-- Extracted information follows --

(* Let $P$ and $Q$ be finitely generated graded rank one projective right $A$-modules, given as graded submodules of $Q_{\mathrm{gr}}(A)$. Then every homomorphism $P\to Q$ in $\operatorname{gr}A$ is given by left multiplication by some element of $\Bbbk(z)$, and $\operatorname{Hom}_{\operatorname{gr}A}(P,Q)$ is a free left $\Bbbk[z]$-module of rank one.
   Context: $\Bbbk$ algebraically closed of characteristic $0$; $\sigma(z)=z+1$. For $\alpha\in\Bbbk$, $f=z(z+\alpha)$, $A=A(f)$ generated by $\Bbbk[z],x,y$ with $xz=(z+1)x$, $yz=(z-1)y$, $xy=f$, $yx=\sigma^{-1}(f)$, graded by $\deg x=1,\deg y=-1,\deg z=0$; $\operatorname{gr}A$: finitely generated graded right $A$-modules with degree-$0$ maps. $Q_{\mathrm{gr}}(A)=\Bbbk(z)[x,x^{-1};\sigma]$ is the graded quotient ring. A rank one graded projective module is a nonzero finitely generated graded projective right $A$-module isomorphic to a graded submodule of $Q_{\mathrm{gr}}(A)$. $\operatorname{Hom}_{\operatorname{gr}A}(P,Q)$ is a left $\Bbbk[z]$-module via left multiplication of $\Bbbk[z]\subseteq\Bbbk(z)$ on the multiplier. *)

theory Defs
  imports "HOL-Computational_Algebra.Polynomial_Factorial" "HOL-Library.Function_Algebras"
begin

type_synonym 'k rf = "'k poly fract"

text \<open>Elements of the graded quotient ring Q_gr(A) = k(z)[x,x^-1;sigma]: a function
  n |-> coefficient of x^n (finitely supported), i.e. u = sum_n u(n) x^n.\<close>
type_synonym 'k qgr = "int \<Rightarrow> 'k rf"

definition Qgr :: "'k::field qgr set" where
  "Qgr = {u. finite {n. u n \<noteq> 0}}"

text \<open>sigma^m on k(z): z |-> z + m, i.e. p(z)/q(z) |-> p(z+m)/q(z+m).\<close>
definition shiftp :: "int \<Rightarrow> 'k::field_char_0 poly \<Rightarrow> 'k poly" where
  "shiftp m p = pcompose p [:of_int m, 1:]"

definition sig :: "int \<Rightarrow> 'k::field_char_0 rf \<Rightarrow> 'k rf" where
  "sig m r = (let (p, q) = (SOME (p, q). q \<noteq> 0 \<and> r = Fract p q)
              in Fract (shiftp m p) (shiftp m q))"

text \<open>Multiplication in Q_gr: (a x^m)(b x^n) = a sigma^m(b) x^(m+n).\<close>
definition qmul :: "'k::field_char_0 qgr \<Rightarrow> 'k qgr \<Rightarrow> 'k qgr" where
  "qmul u v = (\<lambda>n. \<Sum>m\<in>{m. u m \<noteq> 0}. u m * sig m (v (n - m)))"

definition hel :: "'k::field rf \<Rightarrow> int \<Rightarrow> 'k qgr" where
  "hel c n = (\<lambda>k. if k = n then c else 0)"

definition fpol :: "'k::field_char_0 \<Rightarrow> 'k poly" where
  "fpol \<alpha> = [:0, \<alpha>, 1:]"

definition xq :: "'k::field_char_0 qgr" where "xq = hel 1 1"

text \<open>y = x^-1 f = sigma^-1(f) x^-1 (so that xy = f and yx = sigma^-1(f)).\<close>
definition yq :: "'k::field_char_0 \<Rightarrow> 'k qgr" where
  "yq \<alpha> = hel (sig (-1) (to_fract (fpol \<alpha>))) (-1)"

inductive_set Aset :: "'k::field_char_0 \<Rightarrow> 'k qgr set" for \<alpha> :: 'k where
  poly: "hel (to_fract p) 0 \<in> Aset \<alpha>"
| gen_x: "xq \<in> Aset \<alpha>"
| gen_y: "yq \<alpha> \<in> Aset \<alpha>"
| add: "a \<in> Aset \<alpha> \<Longrightarrow> b \<in> Aset \<alpha> \<Longrightarrow> a + b \<in> Aset \<alpha>"
| mul: "a \<in> Aset \<alpha> \<Longrightarrow> b \<in> Aset \<alpha> \<Longrightarrow> qmul a b \<in> Aset \<alpha>"

text \<open>u is homogeneous of degree n (0 is homogeneous of every degree).\<close>
definition is_hom :: "int \<Rightarrow> 'k::field qgr \<Rightarrow> bool" where
  "is_hom n u \<longleftrightarrow> (\<forall>k. k \<noteq> n \<longrightarrow> u k = 0)"

definition grsub :: "'k::field_char_0 \<Rightarrow> 'k qgr set \<Rightarrow> bool" where
  "grsub \<alpha> P \<longleftrightarrow> P \<subseteq> Qgr \<and> 0 \<in> P \<and> (\<forall>u\<in>P. \<forall>v\<in>P. u + v \<in> P)
     \<and> (\<forall>u\<in>P. \<forall>a\<in>Aset \<alpha>. qmul u a \<in> P) \<and> (\<forall>u\<in>P. \<forall>n. hel (u n) n \<in> P)"

definition fin_gen :: "'k::field_char_0 \<Rightarrow> 'k qgr set \<Rightarrow> bool" where
  "fin_gen \<alpha> P \<longleftrightarrow> (\<exists>G. finite G \<and> G \<subseteq> P \<and>
     P = {(\<Sum>g\<in>G. qmul g (c g)) | c. \<forall>g\<in>G. c g \<in> Aset \<alpha>})"

text \<open>Degree-0 right A-module map phi : M -> N between graded right A-modules,
  each given by a carrier, a right action of A and a homogeneity predicate.\<close>
definition grAmap ::
  "'k::field_char_0 \<Rightarrow> ('m::plus \<Rightarrow> 'k qgr \<Rightarrow> 'm) \<Rightarrow> (int \<Rightarrow> 'm \<Rightarrow> bool) \<Rightarrow> 'm set \<Rightarrow>
   ('n::plus \<Rightarrow> 'k qgr \<Rightarrow> 'n) \<Rightarrow> (int \<Rightarrow> 'n \<Rightarrow> bool) \<Rightarrow> 'n set \<Rightarrow> ('m \<Rightarrow> 'n) \<Rightarrow> bool" where
  "grAmap \<alpha> actM homM M actN homN N \<phi> \<longleftrightarrow>
     (\<forall>u\<in>M. \<phi> u \<in> N) \<and> (\<forall>u\<in>M. \<forall>v\<in>M. \<phi> (u + v) = \<phi> u + \<phi> v)
     \<and> (\<forall>u\<in>M. \<forall>a\<in>Aset \<alpha>. \<phi> (actM u a) = actN (\<phi> u) a)
     \<and> (\<forall>u\<in>M. \<forall>n. homM n u \<longrightarrow> homN n (\<phi> u))"

text \<open>Graded free module of finite rank m: direct sum of the shifted copies
  x^(e i) A of A (x^e A is isomorphic to the shift A(-e) in gr A).\<close>
definition Free :: "'k::field_char_0 \<Rightarrow> nat \<Rightarrow> (nat \<Rightarrow> int) \<Rightarrow> (nat \<Rightarrow> 'k qgr) set" where
  "Free \<alpha> m e = {w. (\<forall>i<m. w i \<in> qmul (hel 1 (e i)) ` Aset \<alpha>) \<and> (\<forall>i\<ge>m. w i = 0)}"

definition actF :: "(nat \<Rightarrow> 'k::field_char_0 qgr) \<Rightarrow> 'k qgr \<Rightarrow> (nat \<Rightarrow> 'k qgr)" where
  "actF w a = (\<lambda>i. qmul (w i) a)"

definition homF :: "int \<Rightarrow> (nat \<Rightarrow> 'k::field qgr) \<Rightarrow> bool" where
  "homF n w \<longleftrightarrow> (\<forall>i. is_hom n (w i))"

text \<open>Projective in gr A: a retract (direct summand) of a f.g. graded free module.\<close>
definition gr_projective :: "'k::field_char_0 \<Rightarrow> 'k qgr set \<Rightarrow> bool" where
  "gr_projective \<alpha> P \<longleftrightarrow> (\<exists>m e s \<pi>.
      grAmap \<alpha> qmul is_hom P actF homF (Free \<alpha> m e) s
    \<and> grAmap \<alpha> actF homF (Free \<alpha> m e) qmul is_hom P \<pi>
    \<and> (\<forall>u\<in>P. \<pi> (s u) = u))"

definition rank_one_proj :: "'k::field_char_0 \<Rightarrow> 'k qgr set \<Rightarrow> bool" where
  "rank_one_proj \<alpha> P \<longleftrightarrow> grsub \<alpha> P \<and> P \<noteq> {0} \<and> fin_gen \<alpha> P \<and> gr_projective \<alpha> P"

definition HomGr :: "'k::field_char_0 \<Rightarrow> 'k qgr set \<Rightarrow> 'k qgr set \<Rightarrow> ('k qgr \<Rightarrow> 'k qgr) set" where
  "HomGr \<alpha> P Q = {\<phi>. grAmap \<alpha> qmul is_hom P qmul is_hom Q \<phi>}"

end

theory Submission
  imports Defs
begin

-- Extracted information concluded --

### [Directions for this task]
Starting at the line that contains "text \<open>Graded free", copy every line down to the last line of the records above, exactly as written.

### [Task output]
text \<open>Graded free module of finite rank m: direct sum of the shifted copies
  x^(e i) A of A (x^e A is isomorphic to the shift A(-e) in gr A).\<close>
definition Free :: "'k::field_char_0 \<Rightarrow> nat \<Rightarrow> (nat \<Rightarrow> int) \<Rightarrow> (nat \<Rightarrow> 'k qgr) set" where
  "Free \<alpha> m e = {w. (\<forall>i<m. w i \<in> qmul (hel 1 (e i)) ` Aset \<alpha>) \<and> (\<forall>i\<ge>m. w i = 0)}"

definition actF :: "(nat \<Rightarrow> 'k::field_char_0 qgr) \<Rightarrow> 'k qgr \<Rightarrow> (nat \<Rightarrow> 'k qgr)" where
  "actF w a = (\<lambda>i. qmul (w i) a)"

definition homF :: "int \<Rightarrow> (nat \<Rightarrow> 'k::field qgr) \<Rightarrow> bool" where
  "homF n w \<longleftrightarrow> (\<forall>i. is_hom n (w i))"

text \<open>Projective in gr A: a retract (direct summand) of a f.g. graded free module.\<close>
definition gr_projective :: "'k::field_char_0 \<Rightarrow> 'k qgr set \<Rightarrow> bool" where
  "gr_projective \<alpha> P \<longleftrightarrow> (\<exists>m e s \<pi>.
      grAmap \<alpha> qmul is_hom P actF homF (Free \<alpha> m e) s
    \<and> grAmap \<alpha> actF homF (Free \<alpha> m e) qmul is_hom P \<pi>
    \<and> (\<forall>u\<in>P. \<pi> (s u) = u))"

definition rank_one_proj :: "'k::field_char_0 \<Rightarrow> 'k qgr set \<Rightarrow> bool" where
  "rank_one_proj \<alpha> P \<longleftrightarrow> grsub \<alpha> P \<and> P \<noteq> {0} \<and> fin_gen \<alpha> P \<and> gr_projective \<alpha> P"

definition HomGr :: "'k::field_char_0 \<Rightarrow> 'k qgr set \<Rightarrow> 'k qgr set \<Rightarrow> ('k qgr \<Rightarrow> 'k qgr) set" where
  "HomGr \<alpha> P Q = {\<phi>. grAmap \<alpha> qmul is_hom P qmul is_hom Q \<phi>}"

end

theory Submission
  imports Defs
begin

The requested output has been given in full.